*** LISTED ENTRIES Section Begins ***
lemma wasserstein_return_le_iff:
  fixes d :: "'a::{metric_space,second_countable_topology} \<Rightarrow> 'a \<Rightarrow> real"
  assumes p: "p \<in> Y" and d: "continuous_on (Y \<times> Y) (\<lambda>(x, y). d x y)"
    and d_nonneg: "\<And>x y. x \<in> Y \<Longrightarrow> y \<in> Y \<Longrightarrow> 0 \<le> d x y" and "s > 0" and "\<epsilon> > 0"
    and q: "q \<in> borel_prob_measures Y"
  shows "wasserstein d s (return (restrict_space borel Y) p) q \<le> \<epsilon> \<longleftrightarrow>
    (\<integral>y. d p y powr s \<partial>q) \<le> \<epsilon> powr s"
proof -
  have "0 \<le> (\<integral>y. d p y powr s \<partial>q)"
    by (rule integral_nonneg_AE) simp
  with wasserstein_return[OF assms(1-4) q] \<open>s > 0\<close> \<open>\<epsilon> > 0\<close> show ?thesis
    by (simp add: powr_inverse_le_iff)
qed

lemma borel_prob_measuresD:
  assumes "q \<in> borel_prob_measures Y"
  shows "prob_space q" and "sets q = sets (restrict_space borel Y)" and "space q = Y"
  using assms sets_eq_imp_space_eq[of q "restrict_space borel Y"]
  by (auto simp: borel_prob_measures_def space_restrict_space)

lemma integrable_continuous_on_compact:
  fixes f :: "'a::topological_space \<Rightarrow> real"
  assumes q: "q \<in> borel_prob_measures Y" and "compact Y" and f: "continuous_on Y f"
  shows "integrable q f"
proof -
  interpret prob_space q by (rule borel_prob_measuresD(1)[OF q])
  obtain C where "\<And>y. y \<in> Y \<Longrightarrow> norm (f y) \<le> C"
    using compact_imp_bounded[OF compact_continuous_image[OF f \<open>compact Y\<close>]] by (auto simp: bounded_iff)
  moreover have "f \<in> borel_measurable q"
    using borel_measurable_continuous_on_restrict[OF f] borel_prob_measuresD(2)[OF q]
    by (simp cong: measurable_cong_sets)
  ultimately show ?thesis
    by (intro integrable_const_bound[where B = C]) (auto simp: borel_prob_measuresD(3)[OF q])
qed

lemma lagrangian_dual_le_integral:
  fixes g c :: "'a::topological_space \<Rightarrow> real"
  assumes q: "q \<in> borel_prob_measures Y" and Y: "compact Y"
    and g: "continuous_on Y g" and c: "continuous_on Y c"
    and "integral\<^sup>L q c \<le> e" and "l \<ge> 0"
  shows "lagrangian_dual Y g c e l \<le> integral\<^sup>L q g"
proof -
  interpret prob_space q by (rule borel_prob_measuresD(1)[OF q])
  have int: "integrable q g" "integrable q c"
    using integrable_continuous_on_compact[OF q Y] g c by auto
  have "lagrangian_dual Y g c e l + l * e = (\<integral>y. lagrangian_dual Y g c e l + l * e \<partial>q)"
    by (simp add: prob_space)
  also have "\<dots> \<le> (\<integral>y. g y + l * c y \<partial>q)"
  proof (rule integral_mono)
    show "lagrangian_dual Y g c e l + l * e \<le> g y + l * c y" if "y \<in> space q" for y
      using lagrangian_dual_le[OF Y g c, of y e l] that by (simp add: borel_prob_measuresD(3)[OF q])
  qed (use int in auto)
  also have "\<dots> = integral\<^sup>L q g + l * integral\<^sup>L q c"
    using int by simp
  also have "\<dots> \<le> integral\<^sup>L q g + l * e"
    using \<open>integral\<^sup>L q c \<le> e\<close> \<open>l \<ge> 0\<close> by (simp add: mult_left_mono)
  finally show ?thesis by simp
qed

definition two_point_measure :: "'a::topological_space set \<Rightarrow> real \<Rightarrow> 'a \<Rightarrow> 'a \<Rightarrow> 'a measure" where
  "two_point_measure Y t y1 y2 =
     distr (measure_pmf (bernoulli_pmf t)) (restrict_space borel Y) (\<lambda>b. if b then y1 else y2)"

lemma
  assumes "y1 \<in> Y" "y2 \<in> Y" "t \<in> {0..1}"
  shows two_point_measure_in_borel_prob_measures: "two_point_measure Y t y1 y2 \<in> borel_prob_measures Y"
    and integral_two_point_measure: "f \<in> borel_measurable (restrict_space borel Y) \<Longrightarrow>
      integral\<^sup>L (two_point_measure Y t y1 y2) f = t * f y1 + (1 - t) * (f y2 :: real)"
proof -
  have T: "(\<lambda>b. if b then y1 else y2) \<in> measurable (measure_pmf (bernoulli_pmf t)) (restrict_space borel Y)"
    using assms by (auto simp: space_restrict_space)
  show "two_point_measure Y t y1 y2 \<in> borel_prob_measures Y"
    using prob_space.prob_space_distr[OF prob_space_measure_pmf T]
    by (simp add: borel_prob_measures_def two_point_measure_def)
  show "integral\<^sup>L (two_point_measure Y t y1 y2) f = t * f y1 + (1 - t) * f y2"
    if "f \<in> borel_measurable (restrict_space borel Y)"
    using integral_distr[OF T that] assms(3) by (simp add: two_point_measure_def algebra_simps)
qed

lemma wasserstein_robust_duality:
  fixes d :: "'a::{metric_space,second_countable_topology} \<Rightarrow> 'a \<Rightarrow> real" and g :: "'a \<Rightarrow> real"
  assumes Y: "compact Y" and p: "p \<in> Y" and d: "continuous_on (Y \<times> Y) (\<lambda>(x, y). d x y)"
    and d_nonneg: "\<And>x y. x \<in> Y \<Longrightarrow> y \<in> Y \<Longrightarrow> 0 \<le> d x y" and "d p p = 0"
    and "s > 0" and "\<epsilon> > 0" and g: "continuous_on Y g" and K: "\<And>y. y \<in> Y \<Longrightarrow> \<bar>g y\<bar> \<le> K"
  defines "S \<equiv> {q \<in> borel_prob_measures Y. wasserstein d s (return (restrict_space borel Y) p) q \<le> \<epsilon>}"
    and "\<Phi> \<equiv> lagrangian_dual Y g (\<lambda>y. d p y powr s) (\<epsilon> powr s)"
  obtains l where "l \<in> {0..2 * K / \<epsilon> powr s}" and "\<And>l'. l' \<ge> 0 \<Longrightarrow> \<Phi> l' \<le> \<Phi> l"
    and "(INF q\<in>S. integral\<^sup>L q g) = \<Phi> l"
proof -
  define c where "c = (\<lambda>y. d p y powr s)"
  have c: "continuous_on Y c"
    unfolding c_def using p d_nonneg \<open>s > 0\<close>
    by (intro continuous_on_powr' continuous_on_slice[OF d] continuous_on_const) auto
  have \<Phi>_c: "\<Phi> = lagrangian_dual Y g c (\<epsilon> powr s)"
    unfolding \<Phi>_def c_def ..
  have "c p \<le> 0" "0 < \<epsilon> powr s"
    using \<open>d p p = 0\<close> \<open>\<epsilon> > 0\<close> by (simp_all add: c_def)
  then obtain l where l: "l \<in> {0..2 * K / \<epsilon> powr s}" and lmax: "\<And>l'. l' \<ge> 0 \<Longrightarrow> \<Phi> l' \<le> \<Phi> l"
    using lagrangian_dual_maximum_exists[OF Y p g c _ _ K] unfolding \<Phi>_c by blast
  have "Y \<noteq> {}" "l \<ge> 0"
    using p l by auto
  then obtain y1 y2 t where y: "y1 \<in> Y" "y2 \<in> Y" "t \<in> {0..1}"
    and "t * c y1 + (1 - t) * c y2 \<le> \<epsilon> powr s" and "t * g y1 + (1 - t) * g y2 = \<Phi> l"
    using lagrangian_dual_attained_by_two_points[OF Y _ g c _ lmax[unfolded \<Phi>_c]] unfolding \<Phi>_c by blast
  then have "two_point_measure Y t y1 y2 \<in> S" and "integral\<^sup>L (two_point_measure Y t y1 y2) g = \<Phi> l"
    using two_point_measure_in_borel_prob_measures[OF y] integral_two_point_measure[OF y]
      wasserstein_return_le_iff[OF p d d_nonneg \<open>s > 0\<close> \<open>\<epsilon> > 0\<close>]
      borel_measurable_continuous_on_restrict[OF g] borel_measurable_continuous_on_restrict[OF c]
    by (simp_all add: S_def c_def)
  moreover have "\<Phi> l \<le> integral\<^sup>L q g" if "q \<in> S" for q
    using that l lagrangian_dual_le_integral[OF _ Y g c] wasserstein_return_le_iff[OF p d d_nonneg \<open>s > 0\<close> \<open>\<epsilon> > 0\<close>]
    by (auto simp: S_def \<Phi>_def c_def)
  ultimately have "(INF q\<in>S. integral\<^sup>L q g) = \<Phi> l"
    by (intro cInf_eq_minimum) (auto intro: rev_image_eqI)
  with l lmax that show ?thesis by blast
qed

section \<open>The lifted game\<close>

lemma compact_opp_space:
  assumes "\<And>j. j < N \<Longrightarrow> compact (A j)"
  shows "compact (opp_space N A i)"
  unfolding opp_space_def by (rule compact_PiE) (use assms in auto)

lemma opp_space_nonempty:
  assumes "\<And>j. j < N \<Longrightarrow> A j \<noteq> {}"
  shows "opp_space N A i \<noteq> {}"
  using assms by (simp add: opp_space_def PiE_eq_empty_iff)

lemma opp_profile_in_opp_space:
  assumes "\<And>j. j < N \<Longrightarrow> a j \<in> A j"
  shows "opp_profile N i a \<in> opp_space N A i"
  using assms by (auto simp: opp_space_def opp_profile_def)

lemma opp_profile_fst_in_opp_space:
  assumes "b \<in> opp_space N (\<lambda>j. A j \<times> L j) i"
  shows "opp_profile N i (\<lambda>j. fst (b j)) \<in> opp_space N A i"
  using assms by (auto simp: opp_space_def opp_profile_def PiE_iff mem_Times_iff)

lemma continuous_on_opp_profile_fst:
  "continuous_on UNIV (\<lambda>b :: nat \<Rightarrow> 'a::topological_space \<times> 'b::topological_space.
     opp_profile N i (\<lambda>j. fst (b j)))"
proof (rule continuous_on_coordinatewise_then_product)
  fix j
  show "continuous_on UNIV (\<lambda>b :: nat \<Rightarrow> 'a \<times> 'b. opp_profile N i (\<lambda>j. fst (b j)) j)"
  proof (cases "j \<in> {..<N} - {i}")
    case True
    then show ?thesis
      by (simp add: opp_profile_def continuous_on_fst continuous_on_product_coordinates)
  next
    case False
    then have "(\<lambda>b :: nat \<Rightarrow> 'a \<times> 'b. opp_profile N i (\<lambda>j. fst (b j)) j) = (\<lambda>b. undefined)"
      by (auto simp: opp_profile_def)
    then show ?thesis
      using continuous_on_const by metis
  qed
qed

lemma opp_profile_fst_restrict:
  "opp_profile N i (\<lambda>j. fst (opp_profile N i (restrict (\<lambda>j. (a j, m j)) {..<N}) j)) = opp_profile N i a"
  by (auto simp: opp_profile_def)

lemma lift_payoff_eq_lagrangian_dual:
  "lift_payoff N A u d s \<epsilon> i xl b =
     lagrangian_dual (opp_space N A i) (u i (fst xl))
       (\<lambda>y. d i (opp_profile N i (\<lambda>j. fst (b j))) y powr s) (\<epsilon> powr s) (snd xl)"
  by (simp add: lift_payoff_def lagrangian_dual_def)

lemma lift_payoff_restrict:
  "lift_payoff N A u d s \<epsilon> i (x, l) (opp_profile N i (restrict (\<lambda>j. (a j, m j)) {..<N})) =
     lagrangian_dual (opp_space N A i) (u i x) (\<lambda>y. d i (opp_profile N i a) y powr s) (\<epsilon> powr s) l"
  by (simp add: lift_payoff_eq_lagrangian_dual opp_profile_fst_restrict)

lemma lift_actions_eq: "lift_actions N A u s \<epsilon> = (\<lambda>i. A i \<times> {0..lift_bound N A u s \<epsilon> i})"
  by (simp add: fun_eq_iff lift_actions_def)
(* Let $P_1$ be the uniform distribution on $J_1=[0,\frac12]$, let $P_2$ be the uniform distribution on $J_2=[\frac12,1]$, and let $P=\frac34P_1+\frac14P_2$. For $n\ge 2$, let $\alpha_n$ be an optimal set of $n$-means for $P$. Then $\alpha_n\cap J_1\neq\emptyset$ and $\alpha_n\cap J_2\neq\emptyset$.
   Context: For a finite set $\alpha\subset\mathbb R$, $V(P;\alpha)=\int\min_{a\in\alpha}(x-a)^2\,dP(x)$; $V_n=\inf\{V(P;\alpha):\mathrm{card}(\alpha)\le n\}$; an optimal set of $n$-means is a set $\alpha$ with $\mathrm{card}(\alpha)\le n$ and $V(P;\alpha)=V_n$. *)

theory Defs
  imports "HOL-Analysis.Analysis"
begin

definition J1 :: "real set" where "J1 = {0..1/2}"
definition J2 :: "real set" where "J2 = {1/2..1}"

definition P1 :: "real measure" where "P1 = uniform_measure lborel J1"
definition P2 :: "real measure" where "P2 = uniform_measure lborel J2"

definition P :: "real measure" where
  "P = measure_of UNIV (sets borel)
        (\<lambda>A. ennreal (3/4) * emeasure P1 A + ennreal (1/4) * emeasure P2 A)"

definition quant_err :: "real measure \<Rightarrow> real set \<Rightarrow> real" where
  "quant_err Q \<alpha> = (\<integral>x. Min ((\<lambda>a. (x - a)^2) ` \<alpha>) \<partial>Q)"

text \<open>Admissible codebooks: finite nonempty sets with at most n points
  (the empty set gives infinite error and is excluded).\<close>
definition admissible :: "nat \<Rightarrow> real set \<Rightarrow> bool" where
  "admissible n \<alpha> \<longleftrightarrow> finite \<alpha> \<and> \<alpha> \<noteq> {} \<and> card \<alpha> \<le> n"

definition V_n :: "real measure \<Rightarrow> nat \<Rightarrow> real" where
  "V_n Q n = Inf {quant_err Q \<alpha> | \<alpha>. admissible n \<alpha>}"

definition optimal_n_means :: "real measure \<Rightarrow> nat \<Rightarrow> real set \<Rightarrow> bool" where
  "optimal_n_means Q n \<alpha> \<longleftrightarrow> admissible n \<alpha> \<and> quant_err Q \<alpha> = V_n Q n"

end

theory Submission
  imports Defs
begin

text \<open>
  P has density 3/2 on [0, 1/2] and 1/2 on [1/2, 1], so quantization errors reduce to
  integrals over the two halves. An optimal set has exactly n points, all in [0, 1]: otherwise
  adding a new point of [0, 1], or pulling an outlying point back to [0, 1], strictly lowers the
  error. Replacing a point b by c raises the squared distance at most on the Voronoi cell of b,
  and there by (x - c)^2 - (x - b)^2; if c is the centroid of P on that cell, the error drops by
  (b - c)^2 times the mass of the cell. If the optimal set missed J1, all its points would lie in
  (1/2, 1], and moving the leftmost one to the mean 3/8 of P helps. If it missed J2, all points
  would lie in [0, 1/2), and the largest one lies strictly left of the centroid of its cell.
\<close>

subsection \<open>The measure P as a density\<close>

definition density_P :: "real \<Rightarrow> real" where
  "density_P x = 3/2 * indicator J1 x + 1/2 * indicator J2 x"

lemma J1_J2_borel [measurable]: "J1 \<in> sets borel" "J2 \<in> sets borel"
  unfolding J1_def J2_def by auto

lemma density_P_measurable [measurable]: "density_P \<in> borel_measurable borel"
  unfolding density_P_def by measurable

lemma emeasure_uniform_measure_half_interval:
  fixes a b :: real
  assumes "b - a = 1/2" "A \<in> sets borel"
  shows "emeasure (uniform_measure lborel {a..b}) A = 2 * emeasure lborel ({a..b} \<inter> A)"
proof -
  have len: "emeasure lborel {a..b} = ennreal (1/2)"
    using emeasure_lborel_Icc[of a b] assms(1) by (simp only:)
  have "emeasure (uniform_measure lborel {a..b}) A = emeasure lborel ({a..b} \<inter> A) / ennreal (1/2)"
    using emeasure_uniform_measure[of "{a..b}" lborel A] assms(2) by (simp add: len del: ennreal_half)
  also have "\<dots> = 2 * emeasure lborel ({a..b} \<inter> A)"
    unfolding divide_ennreal_def
    by (subst inverse_ennreal) (auto simp: mult.commute simp del: ennreal_half)
  finally show ?thesis .
qed

lemma P_eq_density: "P = density lborel (\<lambda>x. ennreal (density_P x))"
proof -
  let ?D = "density lborel (\<lambda>x. ennreal (density_P x))"
  have "P = measure_of UNIV (sets borel) (emeasure ?D)"
    unfolding P_def
  proof (rule measure_of_eq)
    fix A :: "real set" assume "A \<in> sigma_sets UNIV (sets borel)"
    then have A [measurable]: "A \<in> sets borel"
      by (simp add: sets.sigma_sets_eq[of borel, simplified])
    have P1: "emeasure P1 A = 2 * emeasure lborel (J1 \<inter> A)"
      unfolding P1_def J1_def by (rule emeasure_uniform_measure_half_interval) auto
    have P2: "emeasure P2 A = 2 * emeasure lborel (J2 \<inter> A)"
      unfolding P2_def J2_def by (rule emeasure_uniform_measure_half_interval) auto
    have "emeasure ?D A = (\<integral>\<^sup>+ x. ennreal (density_P x) * indicator A x \<partial>lborel)"
      by (rule emeasure_density) auto
    also have "\<dots> = (\<integral>\<^sup>+ x. ennreal (3/2) * indicator (J1 \<inter> A) x
                               + ennreal (1/2) * indicator (J2 \<inter> A) x \<partial>lborel)"
      by (intro nn_integral_cong)
         (auto simp: density_P_def indicator_def ennreal_plus[symmetric]
               simp del: ennreal_plus ennreal_half)
    also have "\<dots> = ennreal (3/2) * emeasure lborel (J1 \<inter> A) + ennreal (1/2) * emeasure lborel (J2 \<inter> A)"
      by (subst nn_integral_add) (auto simp: nn_integral_cmult)
    also have "\<dots> = ennreal (3/4) * emeasure P1 A + ennreal (1/4) * emeasure P2 A"
      by (simp add: P1 P2 mult.assoc[symmetric] ennreal_mult'[symmetric]
                    ennreal_numeral[symmetric] del: ennreal_numeral)
    finally show "ennreal (3/4) * emeasure P1 A + ennreal (1/4) * emeasure P2 A = emeasure ?D A"
      by simp
  qed auto
  also have "\<dots> = ?D"
    using measure_of_of_measure[of ?D] by simp
  finally show ?thesis .
qed

lemma integral_P:
  fixes g :: "real \<Rightarrow> real"
  assumes g: "continuous_on UNIV g"
  shows "(\<integral>x. g x \<partial>P) = 3/2 * integral {0..1/2} g + 1/2 * integral {1/2..1} g"
proof -
  have [measurable]: "g \<in> borel_measurable borel"
    using g by (simp add: borel_measurable_continuous_onI)
  have halves: "set_integrable lborel {0..1/2} g" "set_integrable lborel {1/2..1} g"
    by (auto intro!: borel_integrable_atLeastAtMost' continuous_on_subset[OF g])
  have "(\<integral>x. g x \<partial>P) = (\<integral>x. density_P x *\<^sub>R g x \<partial>lborel)"
    unfolding P_eq_density by (rule integral_density) (auto simp: density_P_def)
  also have "\<dots> = (\<integral>x. 3/2 * (indicator {0..1/2} x *\<^sub>R g x)
                       + 1/2 * (indicator {1/2..1} x *\<^sub>R g x) \<partial>lborel)"
    by (intro Bochner_Integration.integral_cong)
       (auto simp: density_P_def J1_def J2_def algebra_simps)
  also have "\<dots> = 3/2 * (LINT x : {0..1/2} | lborel. g x) + 1/2 * (LINT x : {1/2..1} | lborel. g x)"
    using halves unfolding set_integrable_def set_lebesgue_integral_def by simp
  also have "\<dots> = 3/2 * integral {0..1/2} g + 1/2 * integral {1/2..1} g"
    using halves by (simp add: set_borel_integral_eq_integral)
  finally show ?thesis .
qed

lemma integral_nonpos_interval:
  fixes g :: "real \<Rightarrow> real"
  assumes "continuous_on {a..b} g" "\<And>x. x \<in> {a..b} \<Longrightarrow> g x \<le> 0"
  shows "integral {a..b} g \<le> 0"
  using integral_le[of g "{a..b}" "\<lambda>_. 0"] assms integrable_continuous_interval by auto

lemma integral_neg_interval:
  fixes g :: "real \<Rightarrow> real"
  assumes "a < b" and g: "continuous_on {a..b} g" and nonpos: "\<And>x. x \<in> {a..b} \<Longrightarrow> g x \<le> 0"
    and "x\<^sub>0 \<in> {a..b}" "g x\<^sub>0 < 0"
  shows "integral {a..b} g < 0"
proof -
  have "integral {a..b} g \<noteq> 0"
  proof
    assume "integral {a..b} g = 0"
    then have int0: "((\<lambda>x. - g x) has_integral 0) (cbox a b)"
      using has_integral_neg[OF integrable_integral[OF integrable_continuous_interval[OF g]]]
      by simp
    have "- g x\<^sub>0 = 0"
      by (rule has_integral_0_cbox_imp_0[OF _ _ int0]) (use assms in \<open>auto intro: continuous_intros\<close>)
    with \<open>g x\<^sub>0 < 0\<close> show False by simp
  qed
  with integral_nonpos_interval[OF g nonpos] show ?thesis by simp
qed

lemma integral_affine:
  fixes c\<^sub>0 c\<^sub>1 :: real
  assumes "a \<le> b"
  shows "integral {a..b} (\<lambda>x. c\<^sub>0 + c\<^sub>1 * x) = c\<^sub>0 * (b - a) + c\<^sub>1 * (b^2 - a^2) / 2"
proof -
  let ?F = "\<lambda>x. c\<^sub>0 * x + c\<^sub>1 * x^2 / 2"
  have "((\<lambda>x. c\<^sub>0 + c\<^sub>1 * x) has_integral (?F b - ?F a)) {a..b}"
    using assms
    by (intro fundamental_theorem_of_calculus)
       (auto intro!: derivative_eq_intros simp: has_real_derivative_iff_has_vector_derivative[symmetric])
  then show ?thesis
    by (simp add: integral_unique field_simps)
qed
*** LISTED ENTRIES Section Ends ***
■ TASK REQUIREMENTS:
Line count for the string "ultimately": give the number of lines in the listing that hold it, with no other output.

■ ANSWER FOR THE TASK:
2